### WHAT YOU NEED TO DO
Word for word, restate all of the entries.
((
lemma solution_species:
  assumes AA: "assumptionA n muA muJ \<beta> \<zeta> f" and sol: "is_solution n muA muJ \<beta> \<zeta> f \<phi> \<tau>0 A \<tau>"
    and init: "integral {- \<tau>0 i..0} (\<lambda>\<sigma>. f i (Zfun n \<zeta> \<phi> i \<sigma>)) = 1"
    and \<tau>0: "0 \<le> \<tau>0 i" and i: "i < n"
  shows "species (f i) (Zfun n \<zeta> A i) (\<lambda>t. t - \<tau> i t) (\<tau>0 i) (A i) (muA i) (\<beta> i) (muJ i) (\<zeta> i i)"
proof unfold_locales
  have A: "\<And>j. j < n \<Longrightarrow> continuous_on UNIV (A j)" "\<And>j t. j < n \<Longrightarrow> 0 \<le> A j t"
    "\<And>j t. j < n \<Longrightarrow> t \<le> 0 \<Longrightarrow> A j t = \<phi> j t"
    using sol unfolding is_solution_def by blast+
  have \<zeta>: "\<And>j. j < n \<Longrightarrow> 0 \<le> \<zeta> i j" using AA i unfolding assumptionA_def by blast
  show "continuous_on UNIV (\<lambda>\<sigma>. f i (Zfun n \<zeta> A i \<sigma>))"
    using A(1) by (intro continuous_on_compose2[OF assumptionA_continuous[OF AA i]] continuous_on_Zfun)
      auto
  show "0 < f i x" "(f i \<longlongrightarrow> 0) at_top" "0 < \<zeta> i i" "0 < muA i" "0 < \<beta> i" "0 < muJ i" for x
    using AA i unfolding assumptionA_def by auto
  show "0 \<le> \<tau>0 i" by (rule \<tau>0)
  have "integral {- \<tau>0 i..0} (\<lambda>\<sigma>. f i (Zfun n \<zeta> A i \<sigma>))
      = integral {- \<tau>0 i..0} (\<lambda>\<sigma>. f i (Zfun n \<zeta> \<phi> i \<sigma>))"
    unfolding Zfun_def using A(3) by (intro integral_cong sum.cong refl) auto
  thus "integral {- \<tau>0 i..0} (\<lambda>\<sigma>. f i (Zfun n \<zeta> A i \<sigma>)) = 1" using init by simp
  show "t - \<tau> i t \<le> t \<and> integral {t - \<tau> i t..t} (\<lambda>\<sigma>. f i (Zfun n \<zeta> A i \<sigma>)) = 1" if "0 \<le> t" for t
    using sol i that init unfolding is_solution_def by auto
  show "\<zeta> i i * A i \<sigma> \<le> Zfun n \<zeta> A i \<sigma>" for \<sigma>
    using \<zeta> A(2) i by (rule Zfun_ge_diagonal)
  show "continuous_on UNIV (A i)" "0 \<le> A i x" for x using A i by auto
  show "DERIV (A i) t :> - muA i * A i t + \<beta> i * exp (- muJ i * (t - (t - \<tau> i t))) *
      (f i (Zfun n \<zeta> A i t) / f i (Zfun n \<zeta> A i (t - \<tau> i t))) * A i (t - \<tau> i t)" if "0 < t" for t
  proof -
    have D: "\<forall>t\<ge>0. (A i has_real_derivative - muA i * A i t + \<beta> i * exp (- muJ i * \<tau> i t) *
        (f i (Zfun n \<zeta> A i t) / f i (Zfun n \<zeta> A i (t - \<tau> i t))) * A i (t - \<tau> i t))
        (at t within {0..})"
      using sol i unfolding is_solution_def by blast
    moreover have "at t within {0..} = at t" using that by (intro at_within_open_subset[of _ "{0<..}"]) auto
    ultimately show ?thesis using D[rule_format, OF less_imp_le[OF that]] by simp
  qed
qed

theorem lemma4p1:
  fixes n :: nat and \<alpha> :: real
    and muA muJ \<beta> \<tau>0 :: "nat \<Rightarrow> real" and \<zeta> :: "nat \<Rightarrow> nat \<Rightarrow> real"
    and f \<phi> A \<tau> :: "nat \<Rightarrow> real \<Rightarrow> real"
  assumes "\<alpha> > 0"
    and "assumptionA n muA muJ \<beta> \<zeta> f"
    and "\<forall>i<n. \<phi> i \<in> X_alpha \<alpha> \<and> (\<forall>t\<le>0. \<phi> i t \<ge> 0) \<and> \<tau>0 i \<ge> 0"
    and "\<forall>i<n. integral {- \<tau>0 i..0} (\<lambda>\<sigma>. f i (Zfun n \<zeta> \<phi> i \<sigma>)) = 1"
    and "is_solution n muA muJ \<beta> \<zeta> f \<phi> \<tau>0 A \<tau>"
  shows "\<forall>i<n. filterlim (\<lambda>t. t - \<tau> i t) at_top at_top"
proof (intro allI impI)
  fix i assume i: "i < n"
  have species: "species (f j) (Zfun n \<zeta> A j) (\<lambda>t. t - \<tau> j t) (\<tau>0 j) (A j) (muA j) (\<beta> j) (muJ j) (\<zeta> j j)"
    if "j < n" for j
    using assms(3,4) that by (intro solution_species[OF assms(2,5)]) auto
  have "\<forall>j\<in>{..<n}. \<exists>C. \<forall>T\<ge>0. integral {0..T} (A j) \<le> C * (1 + T)"
    using species species.integral_linear_bound by blast
  then obtain C where C: "\<forall>j\<in>{..<n}. \<forall>T\<ge>0. integral {0..T} (A j) \<le> C j * (1 + T)"
    by (auto dest: bchoice)
  have A: "\<And>j. j < n \<Longrightarrow> continuous_on UNIV (A j)" "\<And>j t. j < n \<Longrightarrow> 0 \<le> A j t"
    using assms(5) unfolding is_solution_def by auto
  have \<zeta>: "\<And>j. j < n \<Longrightarrow> 0 \<le> \<zeta> i j" using assms(2) i unfolding assumptionA_def by blast
  have "integral {0..T} (Zfun n \<zeta> A i) \<le> (\<Sum>j<n. \<zeta> i j * C j) * (1 + T)" if "0 \<le> T" for T
    using integral_Zfun_le[of n 0 T A \<zeta> i "\<lambda>j. C j * (1 + T)"] A(1) \<zeta> C that
    by (auto simp: sum_distrib_right mult.assoc intro: continuous_on_subset)
  hence "filterlim (\<lambda>T. integral {0..T} (\<lambda>\<sigma>. f i (Zfun n \<zeta> A i \<sigma>))) at_top at_top"
  proof (rule filterlim_integral_antimono_comp[rotated 5])
    show "continuous_on UNIV (f i)" by (rule assumptionA_continuous[OF assms(2) i])
    show "f i y \<le> f i x" if "x \<le> y" for x y by (rule assumptionA_antimono[OF assms(2) i that])
    show "0 < f i x" for x using assms(2) i unfolding assumptionA_def by blast
    show "continuous_on UNIV (Zfun n \<zeta> A i)" using A(1) by (rule continuous_on_Zfun)
    show "0 \<le> Zfun n \<zeta> A i x" for x using \<zeta> A(2) by (rule Zfun_nonneg)
  qed
  interpret S: species "f i" "Zfun n \<zeta> A i" "\<lambda>t. t - \<tau> i t" "\<tau>0 i" "A i" "muA i" "\<beta> i" "muJ i" "\<zeta> i i"
    by (rule species[OF i])
  show "filterlim (\<lambda>t. t - \<tau> i t) at_top at_top"
    by (rule filterlim_window_start[OF S.h_cont less_imp_le[OF S.h_pos] _ S.window]) fact
qed

end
))
### ANSWER TO THIS TASK
lemma solution_species:
  assumes AA: "assumptionA n muA muJ \<beta> \<zeta> f" and sol: "is_solution n muA muJ \<beta> \<zeta> f \<phi> \<tau>0 A \<tau>"
    and init: "integral {- \<tau>0 i..0} (\<lambda>\<sigma>. f i (Zfun n \<zeta> \<phi> i \<sigma>)) = 1"
    and \<tau>0: "0 \<le> \<tau>0 i" and i: "i < n"
  shows "species (f i) (Zfun n \<zeta> A i) (\<lambda>t. t - \<tau> i t) (\<tau>0 i) (A i) (muA i) (\<beta> i) (muJ i) (\<zeta> i i)"
proof unfold_locales
  have A: "\<And>j. j < n \<Longrightarrow> continuous_on UNIV (A j)" "\<And>j t. j < n \<Longrightarrow> 0 \<le> A j t"
    "\<And>j t. j < n \<Longrightarrow> t \<le> 0 \<Longrightarrow> A j t = \<phi> j t"
    using sol unfolding is_solution_def by blast+
  have \<zeta>: "\<And>j. j < n \<Longrightarrow> 0 \<le> \<zeta> i j" using AA i unfolding assumptionA_def by blast
  show "continuous_on UNIV (\<lambda>\<sigma>. f i (Zfun n \<zeta> A i \<sigma>))"
    using A(1) by (intro continuous_on_compose2[OF assumptionA_continuous[OF AA i]] continuous_on_Zfun)
      auto
  show "0 < f i x" "(f i \<longlongrightarrow> 0) at_top" "0 < \<zeta> i i" "0 < muA i" "0 < \<beta> i" "0 < muJ i" for x
    using AA i unfolding assumptionA_def by auto
  show "0 \<le> \<tau>0 i" by (rule \<tau>0)
  have "integral {- \<tau>0 i..0} (\<lambda>\<sigma>. f i (Zfun n \<zeta> A i \<sigma>))
      = integral {- \<tau>0 i..0} (\<lambda>\<sigma>. f i (Zfun n \<zeta> \<phi> i \<sigma>))"
    unfolding Zfun_def using A(3) by (intro integral_cong sum.cong refl) auto
  thus "integral {- \<tau>0 i..0} (\<lambda>\<sigma>. f i (Zfun n \<zeta> A i \<sigma>)) = 1" using init by simp
  show "t - \<tau> i t \<le> t \<and> integral {t - \<tau> i t..t} (\<lambda>\<sigma>. f i (Zfun n \<zeta> A i \<sigma>)) = 1" if "0 \<le> t" for t
    using sol i that init unfolding is_solution_def by auto
  show "\<zeta> i i * A i \<sigma> \<le> Zfun n \<zeta> A i \<sigma>" for \<sigma>
    using \<zeta> A(2) i by (rule Zfun_ge_diagonal)
  show "continuous_on UNIV (A i)" "0 \<le> A i x" for x using A i by auto
  show "DERIV (A i) t :> - muA i * A i t + \<beta> i * exp (- muJ i * (t - (t - \<tau> i t))) *
      (f i (Zfun n \<zeta> A i t) / f i (Zfun n \<zeta> A i (t - \<tau> i t))) * A i (t - \<tau> i t)" if "0 < t" for t
  proof -
    have D: "\<forall>t\<ge>0. (A i has_real_derivative - muA i * A i t + \<beta> i * exp (- muJ i * \<tau> i t) *
        (f i (Zfun n \<zeta> A i t) / f i (Zfun n \<zeta> A i (t - \<tau> i t))) * A i (t - \<tau> i t))
        (at t within {0..})"
      using sol i unfolding is_solution_def by blast
    moreover have "at t within {0..} = at t" using that by (intro at_within_open_subset[of _ "{0<..}"]) auto
    ultimately show ?thesis using D[rule_format, OF less_imp_le[OF that]] by simp
  qed
qed

theorem lemma4p1:
  fixes n :: nat and \<alpha> :: real
    and muA muJ \<beta> \<tau>0 :: "nat \<Rightarrow> real" and \<zeta> :: "nat \<Rightarrow> nat \<Rightarrow> real"
    and f \<phi> A \<tau> :: "nat \<Rightarrow> real \<Rightarrow> real"
  assumes "\<alpha> > 0"
    and "assumptionA n muA muJ \<beta> \<zeta> f"
    and "\<forall>i<n. \<phi> i \<in> X_alpha \<alpha> \<and> (\<forall>t\<le>0. \<phi> i t \<ge> 0) \<and> \<tau>0 i \<ge> 0"
    and "\<forall>i<n. integral {- \<tau>0 i..0} (\<lambda>\<sigma>. f i (Zfun n \<zeta> \<phi> i \<sigma>)) = 1"
    and "is_solution n muA muJ \<beta> \<zeta> f \<phi> \<tau>0 A \<tau>"
  shows "\<forall>i<n. filterlim (\<lambda>t. t - \<tau> i t) at_top at_top"
proof (intro allI impI)
  fix i assume i: "i < n"
  have species: "species (f j) (Zfun n \<zeta> A j) (\<lambda>t. t - \<tau> j t) (\<tau>0 j) (A j) (muA j) (\<beta> j) (muJ j) (\<zeta> j j)"
    if "j < n" for j
    using assms(3,4) that by (intro solution_species[OF assms(2,5)]) auto
  have "\<forall>j\<in>{..<n}. \<exists>C. \<forall>T\<ge>0. integral {0..T} (A j) \<le> C * (1 + T)"
    using species species.integral_linear_bound by blast
  then obtain C where C: "\<forall>j\<in>{..<n}. \<forall>T\<ge>0. integral {0..T} (A j) \<le> C j * (1 + T)"
    by (auto dest: bchoice)
  have A: "\<And>j. j < n \<Longrightarrow> continuous_on UNIV (A j)" "\<And>j t. j < n \<Longrightarrow> 0 \<le> A j t"
    using assms(5) unfolding is_solution_def by auto
  have \<zeta>: "\<And>j. j < n \<Longrightarrow> 0 \<le> \<zeta> i j" using assms(2) i unfolding assumptionA_def by blast
  have "integral {0..T} (Zfun n \<zeta> A i) \<le> (\<Sum>j<n. \<zeta> i j * C j) * (1 + T)" if "0 \<le> T" for T
    using integral_Zfun_le[of n 0 T A \<zeta> i "\<lambda>j. C j * (1 + T)"] A(1) \<zeta> C that
    by (auto simp: sum_distrib_right mult.assoc intro: continuous_on_subset)
  hence "filterlim (\<lambda>T. integral {0..T} (\<lambda>\<sigma>. f i (Zfun n \<zeta> A i \<sigma>))) at_top at_top"
  proof (rule filterlim_integral_antimono_comp[rotated 5])
    show "continuous_on UNIV (f i)" by (rule assumptionA_continuous[OF assms(2) i])
    show "f i y \<le> f i x" if "x \<le> y" for x y by (rule assumptionA_antimono[OF assms(2) i that])
    show "0 < f i x" for x using assms(2) i unfolding assumptionA_def by blast
    show "continuous_on UNIV (Zfun n \<zeta> A i)" using A(1) by (rule continuous_on_Zfun)
    show "0 \<le> Zfun n \<zeta> A i x" for x using \<zeta> A(2) by (rule Zfun_nonneg)
  qed
  interpret S: species "f i" "Zfun n \<zeta> A i" "\<lambda>t. t - \<tau> i t" "\<tau>0 i" "A i" "muA i" "\<beta> i" "muJ i" "\<zeta> i i"
    by (rule species[OF i])
  show "filterlim (\<lambda>t. t - \<tau> i t) at_top at_top"
    by (rule filterlim_window_start[OF S.h_cont less_imp_le[OF S.h_pos] _ S.window]) fact
qed

end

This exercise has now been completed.